Sclerotinia sclerotiorum can initially suppress host oxidative burst to aid infection establishment, but later promotes reactive oxygen species (ROS) generation as proliferation advances. Here, it was shown that the cellular redox status can be modulated by thiamine to protect Arabidopsis thaliana against Sclerotinia at the early stages of infection. The initial inhibition of host ROS generation by Sclerotinia-secreted oxalate could effectively be alleviated by thiamine. Thiamine pre-treatment and subsequent wild-type Sclerotinia invasion induced an increase of ascorbate peroxidase activity concomitant with decreased ascorbate/dehydroascorbate ratios, which led to the cellular transition towards oxidative status in infected tissues. Particularly, it was observed that wild-type Sclerotinia, but not oxalate-deficient A2 mutant, could suppress the activity of NADPH oxidase (NOX), which might be an important mechanism underlying the early inhibition of ROS burst. Nevertheless, thiamine pre-treatment followed by wild-type Sclerotinia infection promoted NOX-derived ROS accumulation. Further studies showed that cytosolic Ca-2 and staurosporine-sensitive protein kinase(s) participated in thiamine-induced activation of NOX. Moreover, thiamine-induced tissue defence responses including callose/lignin deposition and stomatal closure were closely correlated with NOX-derived ROS generation. Additionally, studies with Brassica species indicated that the regulation of thiamine is largely conserved upon Sclerotinia infection. Collectively, it was concluded that thiamine reverses the initial reducing status through activating NOX-dependent ROS signalling to perturb the disease progress of Sclerotinia.

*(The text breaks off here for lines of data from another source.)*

(* Consider the online convex optimization protocol (with unbounded horizon) and the algorithm AOA described in the context, under the standing assumptions (A1)–(A3) (holding for all rounds $t\ge1$). Then for any interval $I=[r,s]\subseteq\mathbb{N}$ and any comparators $\mathbf{u}_r,\ldots,\mathbf{u}_{s+1}\in\Omega$, \[ \sum_{t=r}^s f_t(\mathbf{w}_t)-\sum_{t=r}^s f_t(\mathbf{u}_t)\le\Big(14\sqrt{c'(s)}+3\big[1+2\ln(k_I+1)\big]+23DG\Big)\sqrt{|I|}+5G\sqrt{DP_I}\sqrt{|I|}=O\big(\sqrt{|I|(\log s+P_I)}\big), \] where $c'(s)=1+\ln s+\ln(1+\log_2 s)+\ln\frac{5+3\ln(1+s)}{2}$, $P_I=\sum_{t=r}^s\|\mathbf{u}_{t+1}-\mathbf{u}_t\|_2$, and $k_I=\big\lfloor\tfrac12\log_2(1+\tfrac{4P_I}{7D})\big\rfloor+1$.
   Context: Online convex optimization: $\Omega\subseteq\mathbb{R}^d$ convex; in round $t=1,2,\ldots$ the learner plays $\mathbf{w}_t\in\Omega$, then a convex $f_t:\Omega\to\mathbb{R}$ is revealed. Assumptions: (A1) $\|\nabla f_t(\mathbf{w})\|_2\le G$ for all $\mathbf{w}\in\Omega$, $t$; (A2) $\mathbf{0}\in\Omega$ and the diameter of $\Omega$ is at most $D$; (A3) $0\le f_t\le1$ on $\Omega$. $\Pi_\Omega$ is Euclidean projection; online gradient descent (OGD) with step $\eta$ updates $\mathbf{v}\mapsto\Pi_\Omega[\mathbf{v}-\eta\nabla f_t(\mathbf{v})]$. Geometric covering intervals: $\mathcal{I}=\bigcup_{k\ge0}\mathcal{I}_k$, $\mathcal{I}_k=\{[i2^k,(i+1)2^k-1]: i=1,2,\ldots\}$. Ader with input length $L$ (run over $L$ consecutive rounds): let $N=\lceil\frac12\log_2(1+4L/7)\rceil+1$ and step sizes $\eta_i=\frac{2^{i-1}D}{G}\sqrt{\frac{7}{2L}}$, $i=1,\ldots,N$; run one OGD instance (arbitrary initial point) per $\eta_i$, with initial weights $p_{1,\eta_i}=\frac{C}{i(i+1)}$, $C=1+\frac1N$; play $\sum_i p_{t,\eta_i}\mathbf{w}_{t,\eta_i}$ and update $p_{t+1,\eta}\propto p_{t,\eta}e^{-\alpha f_t(\mathbf{w}_{t,\eta})}$ (normalized to sum to $1$) with $\alpha=\sqrt{8/L}$. Algorithm AOA: for each $J\in\mathcal{I}$ an expert $E_J$ runs Ader with input $|J|$ during rounds $t\in J$ (created at round $\min J$, removed after round $\max J$), producing $\mathbf{w}_{t,J}$. Active experts at round $t$: $\mathcal{A}_t=\{E_J:J\in\mathcal{I},t\in J\}$. Combination by AdaNormalHedge: $\Phi(R,C)=\exp([R]_+^2/(3C))$, $\Phi(0,0)=1$, $w(R,C)=\tfrac12(\Phi(R+1,C+1)-\Phi(R-1,C+1))$, $R_{t-1,J}=\sum_{u=\min J}^{t-1}(f_u(\mathbf{w}_u)-f_u(\mathbf{w}_{u,J}))$, $C_{t-1,J}=\sum_{u=\min J}^{t-1}|f_u(\mathbf{w}_u)-f_u(\mathbf{w}_{u,J})|$, $p_{t,J}=w(R_{t-1,J},C_{t-1,J})/\sum_{E_{J'}\in\mathcal{A}_t}w(R_{t-1,J'},C_{t-1,J'})$, and $\mathbf{w}_t=\sum_{E_J\in\mathcal{A}_t}p_{t,J}\mathbf{w}_{t,J}$. *)

theory Defs
  imports "HOL-Analysis.Analysis"
begin

definition geo_intervals :: "nat set set" where
  "geo_intervals = {{i * 2^k .. (i+1) * 2^k - 1} | i k. i \<ge> 1}"

definition active :: "nat \<Rightarrow> nat set set" where
  "active t = {J \<in> geo_intervals. t \<in> J}"

text \<open>OGD with step eta started at round a with initial point x0; argument k is the
  offset, i.e. the point played at round a + k. Euclidean projection = closest_point.\<close>
primrec ogd :: "(nat \<Rightarrow> 'a \<Rightarrow> 'a) \<Rightarrow> 'a set \<Rightarrow> real \<Rightarrow> nat \<Rightarrow> 'a \<Rightarrow> nat \<Rightarrow> 'a::euclidean_space" where
  "ogd g \<Omega> \<eta> a x0 0 = x0"
| "ogd g \<Omega> \<eta> a x0 (Suc k) =
     closest_point \<Omega> (ogd g \<Omega> \<eta> a x0 k - \<eta> *\<^sub>R g (a + k) (ogd g \<Omega> \<eta> a x0 k))"

definition ader_N :: "nat \<Rightarrow> nat" where
  "ader_N L = nat \<lceil>log 2 (1 + 4 * real L / 7) / 2\<rceil> + 1"

definition ader_eta :: "real \<Rightarrow> real \<Rightarrow> nat \<Rightarrow> nat \<Rightarrow> real" where
  "ader_eta D G L i = 2 ^ (i - 1) * D / G * sqrt (7 / (2 * real L))"

definition ader_alpha :: "nat \<Rightarrow> real" where
  "ader_alpha L = sqrt (8 / real L)"

definition ader_p1 :: "nat \<Rightarrow> nat \<Rightarrow> real" where
  "ader_p1 L i = (1 + 1 / real (ader_N L)) / (real i * (real i + 1))"

definition ader_expert ::
  "(nat \<Rightarrow> 'a \<Rightarrow> 'a) \<Rightarrow> 'a set \<Rightarrow> real \<Rightarrow> real \<Rightarrow> nat \<Rightarrow> nat \<Rightarrow> (nat \<Rightarrow> 'a) \<Rightarrow> nat \<Rightarrow> nat \<Rightarrow> 'a::euclidean_space" where
  "ader_expert g \<Omega> D G L a x0 i k = ogd g \<Omega> (ader_eta D G L i) a (x0 i) k"

primrec ader_weight ::
  "(nat \<Rightarrow> 'a::euclidean_space \<Rightarrow> real) \<Rightarrow> (nat \<Rightarrow> 'a \<Rightarrow> 'a) \<Rightarrow> 'a set \<Rightarrow> real \<Rightarrow> real \<Rightarrow> nat \<Rightarrow> nat \<Rightarrow> (nat \<Rightarrow> 'a)
    \<Rightarrow> nat \<Rightarrow> nat \<Rightarrow> real" where
  "ader_weight f g \<Omega> D G L a x0 0 i = ader_p1 L i"
| "ader_weight f g \<Omega> D G L a x0 (Suc k) i =
     ader_weight f g \<Omega> D G L a x0 k i
       * exp (- ader_alpha L * f (a + k) (ader_expert g \<Omega> D G L a x0 i k))
     / (\<Sum>j = 1..ader_N L. ader_weight f g \<Omega> D G L a x0 k j
          * exp (- ader_alpha L * f (a + k) (ader_expert g \<Omega> D G L a x0 j k)))"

机译:核盘菌菌核菌最初可以抑制宿主的氧化爆发,以帮助感染的建立,但后来随着增殖的发展促进了活性氧(ROS)的产生。在这里,表明了在感染的早期阶段,硫胺素可以调节细胞的氧化还原状态,以保护拟南芥免受菌核病的侵害。硫胺素可以有效地减轻菌核菌分泌草酸盐对宿主ROS产生的最初抑制作用。硫胺素预处理和随后的野生型核盘菌入侵导致抗坏血酸过氧化物酶活性增加,同时抗坏血酸/脱氢抗坏血酸比率降低,从而导致感染组织的细胞向氧化状态过渡。特别是,观察到野生型菌核菌,但不是草酸盐缺陷型A2突变体,可以抑制NADPH氧化酶(NOX)的活性,这可能是早期抑制ROS爆发的重要机制。尽管如此,硫胺素预处理后再进行野生型核盘菌感染仍可促进NOX引起的ROS积累。进一步的研究表明,胞浆Ca-2和星形孢菌素敏感性蛋白激酶参与了硫胺素诱导的NOX活化。此外,硫胺素诱导的组织防御反应(包括call /木质素沉积和气孔关闭)与NOX衍生的ROS产生密切相关。另外,对芸苔属的研究表明硫胺素的调节在巩膜菌感染后很大程度上保持。总的来说,得出的结论是,硫胺素通过激活依赖于NOX的ROS信号来干扰菌核病的病情发展,从而逆转最初的还原状态。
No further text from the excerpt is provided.